2.4.3.3. Les stratégies relatives au capital

L’utilisation du capital devient une question centrale de stratégie lorsque l’entreprise est à un âge avancé et a opéré plusieurs diversifications. Pour une utilisation judicieuse du capital, chaque segment d’activité doit être passé au peigne fin en l’évaluant en fonction du potentiel stratégique qu’il présente. Ainsi, l’entreprise étant à un âge avancé, certains de ses segments peuvent être parvenus à leur stade de maturité voire à la fin de leur croissance, il faudrait alors réorienter du capital de tels segments vers d’autres plus frais et présentant un potentiel plus important à long terme.

A un stade avancé de la vie de l’entreprise familiale, celle-ci peut se transformer quasiment en holding et cela accentue l’orientation stratégique axée sur l’allocation du capital, et le premier souci de l’entreprise devient alors la performance financière, c’est-à-dire, un segment d’activité peut être sacrifié pour un autre même si cela n’est pas aussi simple dans le cas des entreprises familiales, puisqu’il peut s’agir d’une activité chère à la famille (en raison de liens historiques ou personnels). «Ce changement de perspective, associé à la concentration du contrôle, transforme souvent les grands groupes familiaux en protecteurs efficaces du capital (stewards of capital) » (Carlock et Ward, in Kenyon-Rouvinez et Ward, 2004, p 42).

2.4.3.4. L’alignement de la planification stratégique et de l’actionnariat

Les entreprises familiales présentent certaines spécificités en matière de planification stratégique. En effet, la planification stratégique est pratiquée à la base de la même manière dans les entreprises familiales que dans les entreprises non familiales en ce qu’elle comprend divers défis à relever. Les managers doivent travailler en étroite collaboration avec le conseil d’administration en vue de développer la vision, la mission et les objectifs de l’entreprise en utilisant diverses techniques recommandées en la matière en vue de développer une vue stratégique rigoureuse de l’entreprise et de son environnement.

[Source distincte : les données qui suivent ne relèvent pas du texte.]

lemma is_sder_zero:
  assumes d: "is_sder q \<phi> \<psi> d" and t: "d [:0, 1:] = (0::'k poly)" and a: "a \<in> FqT q"
  shows "d a = 0"
proof -
  have add: "\<And>a b. a \<in> FqT q \<Longrightarrow> b \<in> FqT q \<Longrightarrow> d (a + b) = d a + d b"
    and smult: "\<And>c a. c ^ q = c \<Longrightarrow> a \<in> FqT q \<Longrightarrow> d (smult c a) = smult c (d a)"
    and mult: "\<And>a b. a \<in> FqT q \<Longrightarrow> b \<in> FqT q \<Longrightarrow>
      d (a * b) = tmul q (dact q \<psi> a) (d b) + tmul q (d a) (dact q \<phi> b)"
    using d by (simp_all add: is_sder_def)
  have "d 1 = d 1 + d 1" using mult[of 1 1] by simp
  then have d1: "d 1 = 0" by (metis add_cancel_right_right)
  show ?thesis
    using a
  proof (induction a rule: pCons_induct)
    case 0
    show ?case using add[of 0 0] by (metis FqT_zero add_0 add_cancel_right_right)
  next
    case (pCons c a)
    then have c: "c ^ q = c" and a: "a \<in> FqT q" by (simp_all add: FqT_pCons)
    have "pCons c a = smult c 1 + a * [:0, 1:]" by simp
    then have "d (pCons c a) = smult c (d 1) + d (a * [:0, 1:])"
      using add[of "smult c 1" "a * [:0, 1:]"] smult[OF c FqT_one] c a
      by (simp add: FqT_pCons)
    then show ?case using mult[OF a FqT_t] pCons.IH[OF a] t d1 by simp
  qed
qed

lemma is_sder_unique:
  assumes "is_sder q \<phi> \<psi> d1" "is_sder q \<phi> \<psi> d2" "d1 [:0, 1:] = (d2 [:0, 1:] :: 'k poly)"
    and "a \<in> FqT q"
  shows "d1 a = d2 a"
  using is_sder_zero[OF is_sder_diff[OF assms(1,2)]] assms(3,4) by simp

lemma der_of_eq_sum:
  "degree a < N \<Longrightarrow> der_of q \<phi> \<psi> (M::'k poly) a = (\<Sum>l<N. smult (coeff a l) (der_tpow q \<phi> \<psi> M l))"
  unfolding der_of_def by (intro sum.mono_neutral_left) (auto simp: coeff_eq_0)
(* Fix a bounding strategy: degree bound $\phi$, explicit bound $k$, or node-weighted with cost $c$. Let $T$ be a non-degenerate FQST that is feasible for this strategy and that contains a pair of overlapping edges with common node $v$. Assume that either the strategy is the explicit bound or the node-weighted one, or the strategy is the degree bound and $v$ is not a Steiner point of degree exactly $\phi$. Then $T$ is not an MFQST for that strategy.
   Context: Let $Z=\{z_1,\dots,z_n\}\subset\mathbb{R}^2$ ($n\ge 1$) be a set of sources and $z_{BS}\in\mathbb{R}^2\setminus Z$ a sink; each source has supply $1$. A flow-dependent quadratic Steiner tree (FQST) consists of a finite set $S\subset\mathbb{R}^2$ of Steiner points and a tree $T$ with vertex set $Z\cup S\cup\{z_{BS}\}$ whose edges are directed towards $z_{BS}$. Every node other than the sink has exactly one out-edge, and the sink has none. Each edge $e$ carries a positive flow $f(e)$ such that: - at each source, the flow on its out-edge minus the total flow on its in-edges equals $1$; - at each Steiner point, the out-flow equals the total in-flow; - the sink receives total flow $n$. The cost is $L(T)=\sum_{e\in E(T)} f(e)|e|^2$. $T$ is degenerate if some edge has length $0$. Two edges are overlapping if they share a common endpoint and one of them, as a segment, is contained in the other. Bounding strategies and MFQSTs: - Degree bound: for a fixed integer $\phi\ge3$, every Steiner point has degree $\ge\phi$; an MFQST minimises $L$ among such FQSTs. - Explicit bound: for a fixed $k$, $|S|\le k$; an MFQST minimises $L$ among such FQSTs. - Node-weighted: for a fixed $c>0$, an MFQST minimises $L_c(T)=L(T)+c|S|$ over all FQSTs. *)

theory Defs
  imports "HOL-Analysis.Analysis"
begin

text \<open>Every non-sink vertex v has exactly one out-edge, namely (v, succ v), carrying
the flow  flow v.\<close>

record fqst =
  V     :: "nat set"
  Zv    :: "nat set"
  Sv    :: "nat set"
  sink  :: nat
  pos   :: "nat \<Rightarrow> real^2"
  succ  :: "nat \<Rightarrow> nat"
  flow  :: "nat \<Rightarrow> real"

definition in_nbrs :: "fqst \<Rightarrow> nat \<Rightarrow> nat set" where
  "in_nbrs T v = {u \<in> V T - {sink T}. succ T u = v}"

definition is_fqst :: "(real^2) set \<Rightarrow> real^2 \<Rightarrow> fqst \<Rightarrow> bool" where
  "is_fqst Z zBS T \<longleftrightarrow>
     finite (V T) \<and>
     V T = Zv T \<union> Sv T \<union> {sink T} \<and>
     Zv T \<inter> Sv T = {} \<and> sink T \<notin> Zv T \<and> sink T \<notin> Sv T \<and>
     inj_on (pos T) (Zv T) \<and> pos T ` Zv T = Z \<and> pos T (sink T) = zBS \<and>
     (\<forall>v \<in> V T - {sink T}. succ T v \<in> V T) \<and>
     (\<forall>v \<in> V T. \<exists>m. (succ T ^^ m) v = sink T) \<and>
     (\<forall>v \<in> V T - {sink T}. flow T v > 0) \<and>
     (\<forall>v \<in> Zv T. flow T v - (\<Sum>u \<in> in_nbrs T v. flow T u) = 1) \<and>
     (\<forall>v \<in> Sv T. flow T v = (\<Sum>u \<in> in_nbrs T v. flow T u)) \<and>
     (\<Sum>u \<in> in_nbrs T (sink T). flow T u) = real (card Z)"

definition cost :: "fqst \<Rightarrow> real" where
  "cost T = (\<Sum>v \<in> V T - {sink T}. flow T v * (norm (pos T v - pos T (succ T v)))\<^sup>2)"

definition degree :: "fqst \<Rightarrow> nat \<Rightarrow> nat" where
  "degree T v = card (in_nbrs T v) + (if v = sink T then 0 else 1)"

definition degenerate :: "fqst \<Rightarrow> bool" where
  "degenerate T \<longleftrightarrow> (\<exists>v \<in> V T - {sink T}. pos T v = pos T (succ T v))"

definition adjacent :: "fqst \<Rightarrow> nat \<Rightarrow> nat \<Rightarrow> bool" where
  "adjacent T a w \<longleftrightarrow> a \<in> V T \<and> w \<in> V T \<and>
     ((a \<noteq> sink T \<and> succ T a = w) \<or> (w \<noteq> sink T \<and> succ T w = a))"

definition overlapping_at :: "fqst \<Rightarrow> nat \<Rightarrow> bool" where
  "overlapping_at T w \<longleftrightarrow> (\<exists>a b. a \<noteq> b \<and> adjacent T a w \<and> adjacent T b w \<and>
      closed_segment (pos T w) (pos T a) \<subseteq> closed_segment (pos T w) (pos T b))"

datatype strategy = DegreeBound nat | ExplicitBound nat | NodeWeighted real

definition valid_strategy :: "strategy \<Rightarrow> bool" where
  "valid_strategy s = (case s of DegreeBound \<phi> \<Rightarrow> \<phi> \<ge> 3 | ExplicitBound k \<Rightarrow> True
                        | NodeWeighted c \<Rightarrow> c > 0)"

definition feasible :: "strategy \<Rightarrow> fqst \<Rightarrow> bool" where
  "feasible s T = (case s of DegreeBound \<phi> \<Rightarrow> (\<forall>x \<in> Sv T. degree T x \<ge> \<phi>)
                    | ExplicitBound k \<Rightarrow> card (Sv T) \<le> k
                    | NodeWeighted c \<Rightarrow> True)"

definition strategy_cost :: "strategy \<Rightarrow> fqst \<Rightarrow> real" where
  "strategy_cost s T = (case s of NodeWeighted c \<Rightarrow> cost T + c * real (card (Sv T))
                        | _ \<Rightarrow> cost T)"

definition is_MFQST :: "(real^2) set \<Rightarrow> real^2 \<Rightarrow> strategy \<Rightarrow> fqst \<Rightarrow> bool" where
  "is_MFQST Z zBS s T \<longleftrightarrow> is_fqst Z zBS T \<and> feasible s T \<and>
     (\<forall>T'. is_fqst Z zBS T' \<and> feasible s T' \<longrightarrow> strategy_cost s T \<le> strategy_cost s T')"

end

theory Submission
  imports Defs
begin

text \<open>Let the overlapping edges at v be those to a and b, with a lying on the segment from v
  to b. If a and b are both children of v, reattach b below a; if v is the parent of one of
  them, reattach the child of v directly to the parent of v. Both modifications keep the set of
  Steiner points, so the strategy cost changes exactly as the quadratic cost, and feasibility is
  only at risk at v, which loses one edge. In the first case the triangle v a b has a straight
  angle at a, in the second the child and the parent of v lie on the same ray from v; by the law
  of cosines the quadratic cost strictly drops in both.

  The strict drop fails in two degenerate situations, both handled by the first-order optimality
  of Steiner points (each is the flow-weighted centroid of its neighbours): a and b coincide,
  in which case one of them is a Steiner point and reattaching is cost-neutral; or v has a single
  child carrying all of its flow, in which case v is a Steiner point with its two neighbours on
  the same side, so it cannot be their centroid.\<close>

lemma in_nbrs_iff: "u \<in> in_nbrs T z \<longleftrightarrow> u \<in> V T \<and> u \<noteq> sink T \<and> succ T u = z"
  by (auto simp: in_nbrs_def)
(* Let $X$ be an abelian metric group and let $f:X\to\mathbb{R}$ be a subadditive function which is locally bounded above at some point of $X$ (i.e. bounded above on some neighbourhood of that point). Then $f$ is locally bounded at every point of $X$.
   Context: An abelian metric group is an abelian topological group whose topology is given by an invariant metric. A function $f:X\to\mathbb{R}$ is subadditive if $f(x+y)\le f(x)+f(y)$ for all $x,y\in X$. Locally bounded at a point means $|f|$ is bounded on some neighbourhood of that point. *)

theory Defs
  imports "HOL-Analysis.Analysis"
begin

definition subadditive :: "('a::plus \<Rightarrow> real) \<Rightarrow> bool" where
  "subadditive f \<longleftrightarrow> (\<forall>x y. f (x + y) \<le> f x + f y)"

definition invariant_metric :: "'a::{ab_group_add, metric_space} itself \<Rightarrow> bool" where
  "invariant_metric _ \<longleftrightarrow> (\<forall>x y z::'a. dist (x + z) (y + z) = dist x y)"

end

theory Submission
  imports Defs
begin

text \<open>Translating the ball on which f is bounded above to any centre x costs the constant
  f (x - x0), by subadditivity. A lower bound near x comes from f x \<le> f y + f (x - y),
  where x - y ranges over a ball around 0 on which f is again bounded above.\<close>

lemma invariant_metric_dist_add_right:
  fixes a b z :: "'a::{ab_group_add, metric_space}"
  assumes "invariant_metric TYPE('a)"
  shows "dist (a + z) (b + z) = dist a b"
  using assms unfolding invariant_metric_def by blast

lemma invariant_metric_ball_translate:
  fixes x y x' :: "'a::{ab_group_add, metric_space}"
  assumes "invariant_metric TYPE('a)" and "y \<in> ball x r"
  shows "y + (x' - x) \<in> ball x' r"
proof -
  have "dist (x + (x' - x)) (y + (x' - x)) = dist x y"
    using invariant_metric_dist_add_right[OF assms(1)] .
  then show ?thesis
    using assms(2) by simp
qed

lemma subadditive_bounded_above_ball_translate:
  fixes f :: "'a::{ab_group_add, metric_space} \<Rightarrow> real"
  assumes "invariant_metric TYPE('a)" and "subadditive f"
    and "\<forall>z\<in>ball x0 r. f z \<le> M" and "y \<in> ball x r"
  shows "f y \<le> M + f (x - x0)"
proof -
  have "f y \<le> f (y + (x0 - x)) + f (x - x0)"
    using assms(2) unfolding subadditive_def
    by (metis add_diff_cancel diff_add_cancel diff_diff_eq2)
  moreover have "f (y + (x0 - x)) \<le> M"
    using assms(3) invariant_metric_ball_translate[OF assms(1,4)] by blast
  ultimately show ?thesis
    by linarith
qed

lemma subadditive_bounded_below_ball:
  fixes f :: "'a::{ab_group_add, metric_space} \<Rightarrow> real"
  assumes "invariant_metric TYPE('a)" and "subadditive f"
    and "\<forall>z\<in>ball x0 r. f z \<le> M" and "y \<in> ball x r"
  shows "f x - M - f (- x0) \<le> f y"
proof -
  have "f x \<le> f y + f (x - y)"
    using assms(2) unfolding subadditive_def by (metis add.commute diff_add_cancel)
  moreover have "x \<in> ball y r"
    using assms(4) by (simp add: dist_commute)
  then have "x + (0 - y) \<in> ball 0 r"
    by (rule invariant_metric_ball_translate[OF assms(1)])
  then have "f (x - y) \<le> M + f (- x0)"
    using subadditive_bounded_above_ball_translate[OF assms(1-3)] by fastforce
  ultimately show ?thesis
    by linarith
qed

theorem corollary2p3:
  fixes f :: "'a::{ab_group_add, metric_space} \<Rightarrow> real"
  assumes "invariant_metric TYPE('a)"
    and "subadditive f"
    and "\<exists>x0 U M. open U \<and> x0 \<in> U \<and> (\<forall>x\<in>U. f x \<le> M)"
  shows "\<forall>x. \<exists>U M. open U \<and> x \<in> U \<and> (\<forall>y\<in>U. \<bar>f y\<bar> \<le> M)"
proof
  fix x :: 'a
  obtain x0 U M where "open U" "x0 \<in> U" "\<forall>z\<in>U. f z \<le> M"
    using assms(3) by blast
  then obtain r where "r > 0" and bound: "\<forall>z\<in>ball x0 r. f z \<le> M"
    by (meson openE subsetD)
  have "\<bar>f y\<bar> \<le> max \<bar>M + f (x - x0)\<bar> \<bar>f x - M - f (- x0)\<bar>" if "y \<in> ball x r" for y
    using subadditive_bounded_above_ball_translate[OF assms(1,2) bound that]
      subadditive_bounded_below_ball[OF assms(1,2) bound that]
    by linarith
  moreover have "open (ball x r)" and "x \<in> ball x r"
    using \<open>r > 0\<close> by auto
  ultimately show "\<exists>U M. open U \<and> x \<in> U \<and> (\<forall>y\<in>U. \<bar>f y\<bar> \<le> M)"
    by blast
qed

end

Cependant, en plus des contraintes inhérentes à cette pratique, les entreprises familiales doivent faire face à une contrainte supplémentaire, celle de la nécessité d’aligner les stratégies de l’entreprise et les objectifs de l’actionnariat familial. Ainsi, l’élaboration d’une planification stratégique pour une entreprise familiale, sera un travail qui devra nécessairement prendre en

compte la vision et les valeurs de l’actionnariat familial, ainsi que les attentes des actionnaires en matière de retour sur investissement et de distribution de dividendes, «chaque entreprise familiale développe sa propre proposition de valeur actionnariale (Shareholder value proposition), qui inclut à la fois les caractéristiques de l’investissement souhaité et les objectifs de l’entreprise» (Carlock et Ward, in Kenyon-Rouvinez et Ward, 2004, pp 44-45). Il y aurait donc, à la fois des niveaux de risque, de rentabilité, de liquidité et de croissance comme objectifs qu’il faudrait définir clairement, et ceci n’est pas quelque chose de facile mais surtout pas figé et chaque entreprise a sa marge de flexibilité en la matière et particulièrement pour les entreprises familiales qui disposent d’une marge de flexibilité plus importante et qui constitue un véritable atout.

La planification stratégique au niveau de l’actionnariat doit être tout aussi dynamique que celle des évolutions stratégiques de l’entreprise de telle sorte qu’il pourrait apporter son soutien à l’entreprise si cela s’avère nécessaire et cela peut se produire à tout moment. Ce dynamisme nécessaire à la planification répond également au caractère de l’actionnariat qui peut être instable dans le temps, car à tout moment il peut y avoir des groupes d’actionnaires familiaux qui voudraient se retirer.

Quand la famille grandit, il y a en plus la nécessité de communiquer les objectifs et directives concernant la position de valeur actionnariale, la succession et la gouvernance, qui expriment l’actionnariat familial.